There are some clear limitations on this data that might effect the efficacy future tests/analysis, however. I only have access names and numbers with this data. I have no knowledge about the people behind these accounts or what the context of each individual 'like' was. I have no idea what was even included that caused him to 'like' the post. I am simply going off the assumption that an account that has been liked more than others would be more likely to produce desired results if used as a basis for a test. 

Ideally, the best next step would be to test this theory by altering the notifications received or analyzing any data that might already be collected about the successful click rates of notifications. To my knowledge, though, that data is not included in what Instagram provides (but it is most likely still being tracked). If I wanted to analyze more data to strengthen my hypothesis my next step would probably be to look at the aforementioned "connections.json" file or anything else that would show specific interactions with certain users.

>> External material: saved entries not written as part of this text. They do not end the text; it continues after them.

lemma strong_component_dichotomy:
  assumes "strong_component V B E S" and "arc_closed V B E R"
    and total: "\<And>x y. (x, y) \<in> pair_vertices V \<Longrightarrow> (x, y) \<in> R \<or> (y, x) \<in> R"
  shows "S \<subseteq> R \<or> reverse_pairs S \<subseteq> R"
proof -
  have S_vertices: "S \<subseteq> pair_vertices V"
    and conn: "\<forall>p\<in>S. \<forall>q\<in>S. (p, q) \<in> (pair_arcs V B E)\<^sup>*"
    using assms(1) unfolding strong_component_def by auto
  show ?thesis
  proof (cases "S \<inter> R = {}")
    case True
    have "(x, y) \<in> R" if "(x, y) \<in> reverse_pairs S" for x y
    proof -
      have "(y, x) \<in> S" using that unfolding reverse_pairs_def by simp
      then show ?thesis
        using True total[of y x] S_vertices by blast
    qed
    then show ?thesis by auto
  next
    case False
    then obtain p where "p \<in> S" "p \<in> R" by blast
    then have "S \<subseteq> R" using arc_closed_reach[OF assms(2)] conn by blast
    then show ?thesis ..
  qed
qed

lemma closed_intervals_meet:
  fixes a b c d :: "'a::linorder"
  assumes "a \<le> b" and "c \<le> d"
  shows "{a..b} \<inter> {c..d} \<noteq> {} \<longleftrightarrow> a \<le> d \<and> c \<le> b"
proof
  assume "{a..b} \<inter> {c..d} \<noteq> {}"
  then obtain t where "t \<in> {a..b}" "t \<in> {c..d}" by blast
  then show "a \<le> d \<and> c \<le> b" by (auto intro: order_trans)
next
  assume "a \<le> d \<and> c \<le> b"
  then have "max a c \<in> {a..b} \<inter> {c..d}" using assms by (simp add: max_def)
  then show "{a..b} \<inter> {c..d} \<noteq> {}" by blast
qed
theorem lemma4p11:
  fixes K :: "('k, 'c) monoid_scheme" and Z :: "('z, 'd) monoid_scheme"
    and \<theta> \<mu> :: "'k \<Rightarrow> 'k \<Rightarrow> 'z"
  assumes "group K" and "comm_group Z"
    and "loop_cocycle K Z \<theta>"
    and "is_A_loop (ext_carrier K Z) (ext_mult K Z \<theta>) (ext_one K Z)"
    and "is_commutative (ext_carrier K Z) (ext_mult K Z \<theta>)"
    and "group_cocycle K Z \<mu>"
    and "\<forall>x\<in>carrier K. \<forall>y\<in>carrier K. \<mu> x y = \<mu> y x"
  shows "is_A_loop (ext_carrier K Z) (ext_mult K Z (\<lambda>x y. \<mu> x y \<otimes>\<^bsub>Z\<^esub> \<theta> x y)) (ext_one K Z)
       \<and> is_commutative (ext_carrier K Z) (ext_mult K Z (\<lambda>x y. \<mu> x y \<otimes>\<^bsub>Z\<^esub> \<theta> x y))
       \<and> (\<forall>u\<in>ext_carrier K Z. \<forall>v\<in>ext_carrier K Z. \<forall>w\<in>ext_carrier K Z.
            (let S = ext_carrier K Z; m = ext_mult K Z (\<lambda>x y. \<mu> x y \<otimes>\<^bsub>Z\<^esub> \<theta> x y);
                 m0 = ext_mult K Z \<theta>
             in ldiv S m (m u v) (m u (m v w)) = ldiv S m0 (m0 u v) (m0 u (m0 v w))))"
proof -
  interpret cocycle_extension K Z using assms(1,2) by (simp add: cocycle_extension_def)
  have mu: "loop_cocycle K Z \<mu>" using assms(6) unfolding group_cocycle_def by blast
  have same_left_division:
    "\<forall>u\<in>ext_carrier K Z. \<forall>v\<in>ext_carrier K Z. \<forall>w\<in>ext_carrier K Z.
      ldiv (ext_carrier K Z) (ext_mult K Z (\<lambda>x y. \<mu> x y \<otimes>\<^bsub>Z\<^esub> \<theta> x y))
        (ext_mult K Z (\<lambda>x y. \<mu> x y \<otimes>\<^bsub>Z\<^esub> \<theta> x y) u v)
        (ext_mult K Z (\<lambda>x y. \<mu> x y \<otimes>\<^bsub>Z\<^esub> \<theta> x y) u (ext_mult K Z (\<lambda>x y. \<mu> x y \<otimes>\<^bsub>Z\<^esub> \<theta> x y) v w))
      = ldiv (ext_carrier K Z) (ext_mult K Z \<theta>) (ext_mult K Z \<theta> u v)
          (ext_mult K Z \<theta> u (ext_mult K Z \<theta> v w))"
    using twist_Lmap_eq[OF assms(6,3)] by simp
  show ?thesis
    unfolding Let_def
    by (intro conjI same_left_division twist_A_loop[OF assms(6,3,4,5,7)]
        twist_commutative[OF mu assms(3,5,7)])
qed

end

If I wanted to take an alternate approach entirely, though, I could use Instagram itself to find specific liked posts and try to find any patterns that emerge now knowing the context of each 'like.' Taking a look at more qualitative data directly from the app would help make a more informed decision on what would be most likely to draw the interest of the user.